My idea was to spend the first part of that academic year really reflecting, reading, and reflecting some more about what my students wanted. I tried to remember my own youth in order to honor theirs by giving them the benefit of the doubt when they seemed a bit more energetic or distracted than I would have liked.

 

I soon figured that they wanted to have fun, to laugh, and to play while they learned. So that’s exactly what we did! Mind you, I was the Spanish teacher for the school and had never written kid songs in Spanish or English for that matter. I went for it! I figured that if I looked like a fool in front of these elementary and middle schoolers, at least we’d have some laughs while doing it. My desire was to center my students’ styles of communication, of playing, of being rather than keeping these essential teaching and learning tools as peripheral. Among other experiments, most of which did not employ the use of music composition, this particular one literally saved my first months of teaching! 

 

The students absolutely loved it! Even my middle schoolers fell in love with Spanish and with my class. In fact, when they were having a difficult day in neighboring classrooms, they would often meander into my room to unload and seek counsel as I had Spanish songs for kids playing or was composing my next silly Spanish body parts tune.

 

I don’t want to assume that it was simply the songs or that every home or school educator should bust out in song to teach math… or maybe they should 😉  I strongly believe that it was my willingness to learn, to unlearn and relearn, how to teach from the lived knowledge and experiences of my students that made all the difference. After leaving the Spanish classroom to teach elementary education, I tried this approach with core content and found that it served my students well in math, language arts, history, and every subject that we explored together. 

 

This approach is in stark contrast with the rules of engagement we call teaching today. Yes, I know that we say that the students inform our teaching. In fact, we wholeheartedly convince ourselves and student families of this. But if this is true, then why do so many of us experience resistance from said students?
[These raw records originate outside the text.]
theorem maps_cosets_bricklayer_brick_sum:
  fixes G :: "'n::finite \<Rightarrow> ('m::finite \<Rightarrow> bool) \<Rightarrow> ('m \<Rightarrow> bool)"
  assumes bij: "\<forall>k. bij (G k)" and zero: "\<forall>k. G k vzero = vzero"
    and bricks: "\<forall>k. uniform_anti_invariant r (G k)"
    and U: "f2_subspace U" and W: "f2_subspace W" and cosets: "maps_cosets (bricklayer G) U W"
  shows "U = brick_sum {i. \<exists>u\<in>U. brick u i \<noteq> vzero}"
proof
  show "U \<subseteq> brick_sum {i. \<exists>u\<in>U. brick u i \<noteq> vzero}"
    by (auto simp: brick_sum_def brick_def vzero_def fun_eq_iff)
  have "brick_slice i U = UNIV" if u: "u \<in> U" "brick u i \<noteq> vzero" for i u
  proof (rule maps_cosets_subspace_eq_UNIV)
    show "inj (G i)"
      using bij bij_is_inj by blast
    show "G i vzero = vzero" "uniform_anti_invariant r (G i)"
      using zero bricks by blast+
    show "f2_subspace (brick_slice i U)" "f2_subspace (brick_slice i W)"
      using U W by (simp_all add: f2_subspace_brick_slice)
    show "maps_cosets (G i) (brick_slice i U) (brick_slice i W)"
      using bij zero cosets by (rule maps_cosets_brick_slice)
    show "card (range (deriv_map (G i) (brick u i))) \<le> card (brick_slice i W)"
      using zero W cosets u(1) by (rule card_range_deriv_le_card_brick_slice)
  qed (rule u(2))
  then show "brick_sum {i. \<exists>u\<in>U. brick u i \<noteq> vzero} \<subseteq> U"
    using U by (intro brick_sum_subset_f2_subspace) (auto simp: brick_slice_def)
qed

section \<open>The round group and its primitivity\<close>

lemma f2_linear_vzero: "f2_linear l \<Longrightarrow> l vzero = vzero"
  unfolding f2_linear_def by (metis vadd_self)

lemma f2_subspace_vimage_linear: "f2_linear l \<Longrightarrow> f2_subspace W \<Longrightarrow> f2_subspace (l -` W)"
  by (simp add: f2_subspace_def f2_linear_vzero) (simp add: f2_linear_def)

lemma f2_linear_image_transl_image:
  "f2_linear l \<Longrightarrow> l ` transl c ` A = transl (l c) ` l ` A"
  by (simp add: image_image transl_apply f2_linear_def)

lemma maps_cosets_linear_comp:
  assumes l: "bij l" "f2_linear l" and cosets: "maps_cosets (l \<circ> f) U W"
  shows "maps_cosets f U (l -` W)"
  unfolding maps_cosets_def
proof
  fix v
  have "l ` f ` transl v ` U = transl (l (f v)) ` W"
    using cosets by (simp add: maps_cosets_def image_comp)
  also have "\<dots> = l ` transl (f v) ` (l -` W)"
    using l by (simp add: f2_linear_image_transl_image bij_is_surj surj_image_vimage_eq)
  finally show "f ` transl v ` U = transl (f v) ` (l -` W)"
    using l(1) by (simp add: bij_is_inj inj_image_eq_iff)
qed

lemma maps_cosets_mixing_bricklayer_brick_sum:
  fixes G :: "'n::finite \<Rightarrow> ('m::finite \<Rightarrow> bool) \<Rightarrow> ('m \<Rightarrow> bool)"
  assumes bij: "\<forall>k. bij (G k)" and zero: "\<forall>k. G k vzero = vzero"
    and bricks: "\<forall>k. uniform_anti_invariant r (G k)"
    and l: "bij l" "f2_linear l"
    and U: "f2_subspace U" and W: "f2_subspace W" and cosets: "maps_cosets (l \<circ> bricklayer G) U W"
  shows "\<exists>I. U = brick_sum I \<and> l ` U = W"
proof -
  have cosets': "maps_cosets (bricklayer G) U (l -` W)"
    using l cosets by (rule maps_cosets_linear_comp)
  define I where "I = {i. \<exists>u\<in>U. brick u i \<noteq> vzero}"
  have U_eq: "U = brick_sum I"
    unfolding I_def using bij zero bricks U f2_subspace_vimage_linear[OF l(2) W] cosets'
    by (rule maps_cosets_bricklayer_brick_sum)
  have "l -` W = bricklayer G ` U"
    using cosets' bricklayer_vzero[of G, OF zero] by (simp add: maps_cosets_image)
  also have "\<dots> = U"
    unfolding U_eq using bij zero by (rule bricklayer_image_brick_sum)
  finally have "l ` U = W"
    using l(1) by (metis bij_is_surj surj_image_vimage_eq)
  with U_eq show ?thesis by blast
qed

lemma strongly_proper_mixing_image_brick_sum:
  fixes l :: "('n \<times> 'm \<Rightarrow> bool) \<Rightarrow> ('n \<times> 'm \<Rightarrow> bool)"
  assumes l: "strongly_proper_mixing l" and img: "l ` brick_sum I = brick_sum J"
    and "I \<noteq> {}" "J \<noteq> {}"
  shows "I = UNIV"
proof (cases "J = UNIV")
  case True
  have "bij l"
    using l by (simp add: strongly_proper_mixing_def in_GL_def)
  then have "l ` brick_sum I = l ` UNIV"
    using img True by (simp add: bij_is_surj)
  then have "brick_sum I = (UNIV :: ('n \<times> 'm \<Rightarrow> bool) set)"
    using \<open>bij l\<close> by (simp add: bij_is_inj inj_image_eq_iff)
  then show ?thesis
    by (simp add: brick_sum_eq_UNIV_iff)
next
  case False
  then have "\<not> wall (brick_sum I :: ('n \<times> 'm \<Rightarrow> bool) set)"
    using l img \<open>J \<noteq> {}\<close> unfolding strongly_proper_mixing_def wall_def by blast
  then show "I = UNIV"
    using \<open>I \<noteq> {}\<close> unfolding wall_def by blast
qed

lemma is_block_image_eq:
  "is_block G B \<Longrightarrow> g \<in> G \<Longrightarrow> x \<in> B \<Longrightarrow> g x \<in> B \<Longrightarrow> g ` B = B"
  unfolding is_block_def by blast

locale strong_round =
  fixes g :: "nat \<Rightarrow> 'n::finite \<Rightarrow> ('m::finite \<Rightarrow> bool) \<Rightarrow> ('m \<Rightarrow> bool)"
    and lam :: "nat \<Rightarrow> ((('n \<times> 'm) \<Rightarrow> bool) \<Rightarrow> (('n \<times> 'm) \<Rightarrow> bool))"
    and phi :: "'k \<Rightarrow> nat \<Rightarrow> (('n \<times> 'm) \<Rightarrow> bool)"
    and h r :: nat
  assumes bricks_bij: "\<forall>i. bij (g h i)" and bricks_vzero: "\<forall>i. g h i vzero = vzero"
    and lam_GL: "in_GL (lam h)" and phi_surj: "surj (\<lambda>k. phi k h)"
    and lam_strongly_proper: "strongly_proper_mixing (lam h)"
    and bricks_uniform_anti_invariant: "\<forall>i. uniform_anti_invariant r (g h i)"
begin

abbreviation \<Gamma> where "\<Gamma> \<equiv> Gamma_h g lam phi h"

definition round_map where "round_map = lam h \<circ> bricklayer (g h)"

lemma bij_round_map: "bij round_map"
  using lam_GL bij_bricklayer[OF bricks_bij] unfolding round_map_def in_GL_def
  by (blast intro: bij_comp)

lemma round_fun_eq: "round_fun (g h) (lam h) (phi k h) = transl (phi k h) \<circ> round_map"
  by (simp add: round_fun_def round_map_def comp_assoc)

lemma subgroup_Gamma: "subgroup \<Gamma> SymV"
  unfolding Gamma_h_def
proof (rule group.generate_is_subgroup[OF group_SymV])
  show "{round_fun (g h) (lam h) (phi k h) | k. True} \<subseteq> carrier SymV"
    using bij_round_map bij_transl by (auto simp: round_fun_eq in_carrier_SymV_iff intro!: bij_comp)
qed

lemma Gamma_bij: "f \<in> \<Gamma> \<Longrightarrow> bij f"
  using subgroup.subset[OF subgroup_Gamma] in_carrier_SymV_iff by blast

lemma Gamma_comp_closed: "f \<in> \<Gamma> \<Longrightarrow> f' \<in> \<Gamma> \<Longrightarrow> f \<circ> f' \<in> \<Gamma>"
  using subgroup.m_closed[OF subgroup_Gamma] SymV_mult_eq_comp Gamma_bij by metis

lemma Gamma_inv_closed: "f \<in> \<Gamma> \<Longrightarrow> inv' f \<in> \<Gamma>"
  using subgroup.m_inv_closed[OF subgroup_Gamma] SymV_inv_eq_inv Gamma_bij by metis

lemma transl_round_map_in_Gamma: "transl (phi k h) \<circ> round_map \<in> \<Gamma>"
  unfolding Gamma_h_def round_fun_eq[symmetric] by (rule generate.incl) blast

lemma round_map_in_Gamma: "round_map \<in> \<Gamma>"
proof -
  obtain k where "phi k h = vzero"
    using phi_surj by (metis surjD)
  then show ?thesis
    using transl_round_map_in_Gamma[of k] by simp
qed

lemma transl_in_Gamma: "transl v \<in> \<Gamma>"
proof -
  obtain k where "phi k h = v"
    using phi_surj by (metis surjD)
  then have "(transl v \<circ> round_map) \<circ> inv' round_map \<in> \<Gamma>"
    using transl_round_map_in_Gamma Gamma_inv_closed[OF round_map_in_Gamma] Gamma_comp_closed
    by blast
  moreover have "round_map \<circ> inv' round_map = id"
    using bij_round_map bij_is_surj surj_iff by blast
  ultimately show ?thesis
    by (simp add: comp_assoc)
qed

lemma round_map_cosets_brick_sum:
  "f2_subspace U \<Longrightarrow> f2_subspace W \<Longrightarrow> maps_cosets round_map U W
    \<Longrightarrow> \<exists>I. U = brick_sum I \<and> lam h ` U = W"
  unfolding round_map_def using bricks_bij bricks_vzero bricks_uniform_anti_invariant lam_GL
  by (intro maps_cosets_mixing_bricklayer_brick_sum) (auto simp: in_GL_def)
lemma conditional_independence_cylinder:
  fixes P :: "real \<Rightarrow> 's::countable \<Rightarrow> 's \<Rightarrow> real" and X :: "'v \<Rightarrow> 'w \<Rightarrow> 's"
    and e :: "'v \<Rightarrow> 's" and Ra Rb :: "('v \<Rightarrow> 's) \<Rightarrow> bool"
  assumes tree: "rooted_tree V par rho len" and tf: "transition_function P"
    and tc: "tree_chain M V par rho len P i X"
    and U: "U \<subseteq> V" "ancestor_closed par rho U" and U': "U' \<subseteq> V" "ancestor_closed par rho U'"
    and Ra: "\<And>a v. Ra a \<Longrightarrow> v \<in> U \<inter> U' \<Longrightarrow> a v = e v"
    and Rb: "\<And>b v. Rb b \<Longrightarrow> v \<in> U \<inter> U' \<Longrightarrow> b v = e v"
  defines "A \<equiv> {\<omega> \<in> space M. Ra (restrict (\<lambda>v. X v \<omega>) U)}"
    and "B \<equiv> {\<omega> \<in> space M. Rb (restrict (\<lambda>v. X v \<omega>) U')}"
  shows "emeasure M (A \<inter> B) * measure M (cylinder M X (U \<inter> U') e) = emeasure M A * emeasure M B"
proof -
  interpret prob_space M
    using tc unfolding tree_chain_def by blast
  have fin: "finite U" "finite U'"
    using U U' tree unfolding rooted_tree_def by (auto intro: finite_subset)
  have meas: "\<forall>v\<in>S. X v \<in> measurable M (count_space UNIV)" if "S \<subseteq> V" for S
    using tc that unfolding tree_chain_def by auto
  define Dc where "Dc = {c \<in> PiE (U \<union> U') (\<lambda>_. UNIV). Ra (restrict c U) \<and> Rb (restrict c U')}"
  have "A \<inter> B = {\<omega> \<in> space M.
      (\<lambda>c. Ra (restrict c U) \<and> Rb (restrict c U')) (restrict (\<lambda>v. X v \<omega>) (U \<union> U'))}"
    unfolding A_def B_def by auto
  then have AB: "emeasure M (A \<inter> B) = (\<integral>\<^sup>+c. emeasure M (cylinder M X (U \<union> U') c) \<partial>count_space Dc)"
    unfolding Dc_def using fin U(1) U'(1)
    by (simp only:) (intro emeasure_eq_nn_integral_cylinders meas, auto)
  have markov: "emeasure M (cylinder M X (U \<union> U') c) * measure M (cylinder M X (U \<inter> U') e)
      = emeasure M (cylinder M X U (restrict c U)) * emeasure M (cylinder M X U' (restrict c U'))"
    if "c \<in> Dc" for c
  proof -
    have "c v = e v" if "v \<in> U \<inter> U'" for v
      using Ra[of "restrict c U" v] \<open>c \<in> Dc\<close> that unfolding Dc_def by auto
    then have "cylinder M X (U \<inter> U') c = cylinder M X (U \<inter> U') e"
      "cylinder M X U (restrict c U) = cylinder M X U c"
      "cylinder M X U' (restrict c U') = cylinder M X U' c"
      by (auto intro!: cylinder_cong)
    then show ?thesis
      using measure_cylinder_Un_Int[OF tree tf tc U U', of c]
      by (simp add: emeasure_eq_measure flip: ennreal_mult)
  qed
  have "emeasure M (A \<inter> B) * measure M (cylinder M X (U \<inter> U') e)
      = (\<integral>\<^sup>+c. emeasure M (cylinder M X (U \<union> U') c) * measure M (cylinder M X (U \<inter> U') e)
          \<partial>count_space Dc)"
    unfolding AB by (rule nn_integral_multc[symmetric]) auto
  also have "\<dots> = (\<integral>\<^sup>+c. emeasure M (cylinder M X U (restrict c U)) * emeasure M (cylinder M X U' (restrict c U'))
          \<partial>count_space Dc)"
    using markov by (intro nn_integral_cong) auto
  also have "\<dots> = (\<integral>\<^sup>+a. emeasure M (cylinder M X U a) \<partial>count_space {a \<in> PiE U (\<lambda>_. UNIV). Ra a})
      * (\<integral>\<^sup>+b. emeasure M (cylinder M X U' b) \<partial>count_space {b \<in> PiE U' (\<lambda>_. UNIV). Rb b})"
    unfolding Dc_def using fin Ra Rb
    by (intro nn_integral_count_space_glue[where f="\<lambda>a. emeasure M (cylinder M X U a)"
          and g="\<lambda>b. emeasure M (cylinder M X U' b)"]) auto
  also have "\<dots> = emeasure M A * emeasure M B"
    unfolding A_def B_def using fin U(1) U'(1) by (simp add: emeasure_eq_nn_integral_cylinders meas)
  finally show ?thesis .
qed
Why do we witness colleagues sending the same students out of the classroom week after week while future teachers will likely do the same?

 

We assume that because we have gone to school to teach, we are somehow entitled to receive the ear, and even the heart, of the students who enter our space. We assume that our best intentions are more important than the impact we are making on students who seem to be waging a silent war with us in the classroom. We forget that it is our impact that is indeed measurable – not our intentions. Even if you are a homeschool educator, as I currently am, I do not believe that you will find it easy or enjoyable to teach the way you prefer, or even the way you yourself learn best, while dismissing the ways in which your child wants to be taught. 

 

During my first classroom teaching experience in 2005 and thereafter, I reflected on the ways that I was resisting the opportunity to teach in a manner which centered the students’ experiences and cultures rather than in a manner that embodied the universities that taught me. Mind you, these universities were, you guessed it, operated by white culture, history, and social norms. And it nearly drove me crazy! So imagine how ridiculous I would be to insist that the children of color that were before me should accept my way of teaching and being when I was demonstrating to them that I did not accept theirs. 

 

Teaching is reciprocal, and although as adults we often miss this reality, children do not. They desire to have an exchange and, in fact, the students most resilient in character and thought would rather be sent out of the classroom than to let us treat them like receptacles meant to stuff information. 

 

So the next time you think you have found a student that is resisting education, consider how you might… just might be inadvertently and unconsciously resisting an invitation to be transformed by that student through the reciprocal exchange of teaching and learning which is the truest definition of education.